> [Directions]: Your reply should hold only the lines from the records below where "corrT" occurs.

════

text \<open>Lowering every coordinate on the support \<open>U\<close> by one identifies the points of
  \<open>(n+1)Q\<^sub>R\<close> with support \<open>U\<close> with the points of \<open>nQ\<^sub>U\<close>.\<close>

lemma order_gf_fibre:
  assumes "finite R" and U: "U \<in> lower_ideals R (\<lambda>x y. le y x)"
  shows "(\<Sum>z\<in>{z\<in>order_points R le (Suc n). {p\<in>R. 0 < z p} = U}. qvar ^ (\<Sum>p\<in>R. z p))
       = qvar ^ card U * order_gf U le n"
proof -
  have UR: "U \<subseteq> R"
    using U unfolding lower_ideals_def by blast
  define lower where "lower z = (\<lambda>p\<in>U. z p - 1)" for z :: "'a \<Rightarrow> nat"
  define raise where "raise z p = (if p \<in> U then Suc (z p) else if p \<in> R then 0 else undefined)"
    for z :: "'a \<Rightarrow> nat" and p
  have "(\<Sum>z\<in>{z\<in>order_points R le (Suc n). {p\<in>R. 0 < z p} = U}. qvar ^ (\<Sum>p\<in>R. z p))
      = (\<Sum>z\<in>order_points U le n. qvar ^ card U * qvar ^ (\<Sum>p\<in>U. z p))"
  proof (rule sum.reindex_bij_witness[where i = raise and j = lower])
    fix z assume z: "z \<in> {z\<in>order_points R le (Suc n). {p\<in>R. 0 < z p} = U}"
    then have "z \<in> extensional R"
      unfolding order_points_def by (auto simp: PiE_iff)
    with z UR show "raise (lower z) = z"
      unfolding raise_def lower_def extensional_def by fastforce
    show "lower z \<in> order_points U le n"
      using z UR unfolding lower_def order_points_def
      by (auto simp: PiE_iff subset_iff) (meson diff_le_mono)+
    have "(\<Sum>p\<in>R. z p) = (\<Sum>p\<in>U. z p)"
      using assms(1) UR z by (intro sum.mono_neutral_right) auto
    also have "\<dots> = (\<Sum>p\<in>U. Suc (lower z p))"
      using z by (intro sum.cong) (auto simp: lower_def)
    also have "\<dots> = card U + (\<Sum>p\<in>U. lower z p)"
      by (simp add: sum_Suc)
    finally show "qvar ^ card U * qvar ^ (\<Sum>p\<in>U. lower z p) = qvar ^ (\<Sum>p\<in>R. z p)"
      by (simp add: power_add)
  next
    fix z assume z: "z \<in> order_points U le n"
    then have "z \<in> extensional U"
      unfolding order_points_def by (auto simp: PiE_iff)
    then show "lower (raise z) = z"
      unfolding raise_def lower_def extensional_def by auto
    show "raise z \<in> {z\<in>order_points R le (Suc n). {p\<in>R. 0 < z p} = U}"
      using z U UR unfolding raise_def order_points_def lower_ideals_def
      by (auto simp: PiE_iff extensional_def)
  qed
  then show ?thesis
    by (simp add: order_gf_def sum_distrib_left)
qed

════

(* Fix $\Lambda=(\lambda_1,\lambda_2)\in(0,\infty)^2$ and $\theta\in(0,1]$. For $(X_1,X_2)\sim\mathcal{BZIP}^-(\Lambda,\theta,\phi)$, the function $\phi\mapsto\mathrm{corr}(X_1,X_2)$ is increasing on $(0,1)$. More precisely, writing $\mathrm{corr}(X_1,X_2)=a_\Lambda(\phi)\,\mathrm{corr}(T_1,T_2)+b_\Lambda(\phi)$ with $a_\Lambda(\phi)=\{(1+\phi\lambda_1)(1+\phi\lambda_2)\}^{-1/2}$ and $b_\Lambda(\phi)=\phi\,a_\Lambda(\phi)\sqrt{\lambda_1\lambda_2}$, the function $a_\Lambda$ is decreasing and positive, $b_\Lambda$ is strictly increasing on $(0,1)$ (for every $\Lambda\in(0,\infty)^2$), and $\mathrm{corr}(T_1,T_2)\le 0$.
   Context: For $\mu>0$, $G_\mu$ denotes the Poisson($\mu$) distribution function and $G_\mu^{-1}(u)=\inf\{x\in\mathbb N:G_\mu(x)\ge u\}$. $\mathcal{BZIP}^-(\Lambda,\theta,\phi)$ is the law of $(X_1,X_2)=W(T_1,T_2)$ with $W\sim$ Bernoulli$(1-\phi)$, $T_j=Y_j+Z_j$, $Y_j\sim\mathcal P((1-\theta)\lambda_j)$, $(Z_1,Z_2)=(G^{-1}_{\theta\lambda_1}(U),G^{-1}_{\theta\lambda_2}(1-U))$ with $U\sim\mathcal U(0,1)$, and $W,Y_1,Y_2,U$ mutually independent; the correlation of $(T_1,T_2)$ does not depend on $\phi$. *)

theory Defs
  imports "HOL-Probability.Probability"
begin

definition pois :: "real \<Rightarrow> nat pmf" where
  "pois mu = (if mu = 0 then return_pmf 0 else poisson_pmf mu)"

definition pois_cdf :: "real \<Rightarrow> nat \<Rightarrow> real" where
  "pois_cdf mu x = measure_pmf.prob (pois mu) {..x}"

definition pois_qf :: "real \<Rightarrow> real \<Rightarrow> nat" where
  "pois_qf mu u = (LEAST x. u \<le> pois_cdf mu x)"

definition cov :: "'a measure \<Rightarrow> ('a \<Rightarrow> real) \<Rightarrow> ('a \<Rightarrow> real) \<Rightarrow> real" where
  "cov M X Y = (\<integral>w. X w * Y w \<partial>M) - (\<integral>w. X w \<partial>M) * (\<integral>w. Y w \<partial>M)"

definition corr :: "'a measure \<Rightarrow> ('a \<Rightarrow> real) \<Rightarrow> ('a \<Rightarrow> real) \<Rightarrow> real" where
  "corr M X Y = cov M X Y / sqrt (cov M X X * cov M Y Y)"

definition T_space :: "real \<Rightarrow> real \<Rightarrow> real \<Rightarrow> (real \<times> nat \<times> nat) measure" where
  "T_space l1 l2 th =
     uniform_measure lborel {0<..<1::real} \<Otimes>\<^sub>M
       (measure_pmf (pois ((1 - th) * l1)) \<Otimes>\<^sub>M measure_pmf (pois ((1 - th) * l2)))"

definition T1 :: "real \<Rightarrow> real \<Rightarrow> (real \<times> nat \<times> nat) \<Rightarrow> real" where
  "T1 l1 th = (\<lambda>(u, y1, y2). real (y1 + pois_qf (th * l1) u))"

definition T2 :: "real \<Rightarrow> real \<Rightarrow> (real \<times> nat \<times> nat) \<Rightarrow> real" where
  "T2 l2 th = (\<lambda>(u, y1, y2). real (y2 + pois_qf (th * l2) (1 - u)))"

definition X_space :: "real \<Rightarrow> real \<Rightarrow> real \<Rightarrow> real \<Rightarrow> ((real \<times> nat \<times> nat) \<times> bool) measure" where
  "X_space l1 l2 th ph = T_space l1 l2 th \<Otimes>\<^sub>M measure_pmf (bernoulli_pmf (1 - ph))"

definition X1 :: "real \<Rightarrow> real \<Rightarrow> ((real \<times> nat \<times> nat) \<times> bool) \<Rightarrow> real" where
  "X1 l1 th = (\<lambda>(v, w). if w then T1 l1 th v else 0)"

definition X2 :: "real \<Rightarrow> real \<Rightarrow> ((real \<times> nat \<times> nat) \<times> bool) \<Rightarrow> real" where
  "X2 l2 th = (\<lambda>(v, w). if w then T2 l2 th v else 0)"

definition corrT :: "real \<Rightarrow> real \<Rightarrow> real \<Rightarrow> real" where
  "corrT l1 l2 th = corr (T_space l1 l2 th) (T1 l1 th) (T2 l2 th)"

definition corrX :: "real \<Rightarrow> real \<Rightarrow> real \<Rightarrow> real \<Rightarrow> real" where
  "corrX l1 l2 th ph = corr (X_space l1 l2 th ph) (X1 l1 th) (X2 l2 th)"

════

> [Solution below]:
definition corrT :: "real \<Rightarrow> real \<Rightarrow> real \<Rightarrow> real" where
  "corrT l1 l2 th = corr (T_space l1 l2 th) (T1 l1 th) (T2 l2 th)"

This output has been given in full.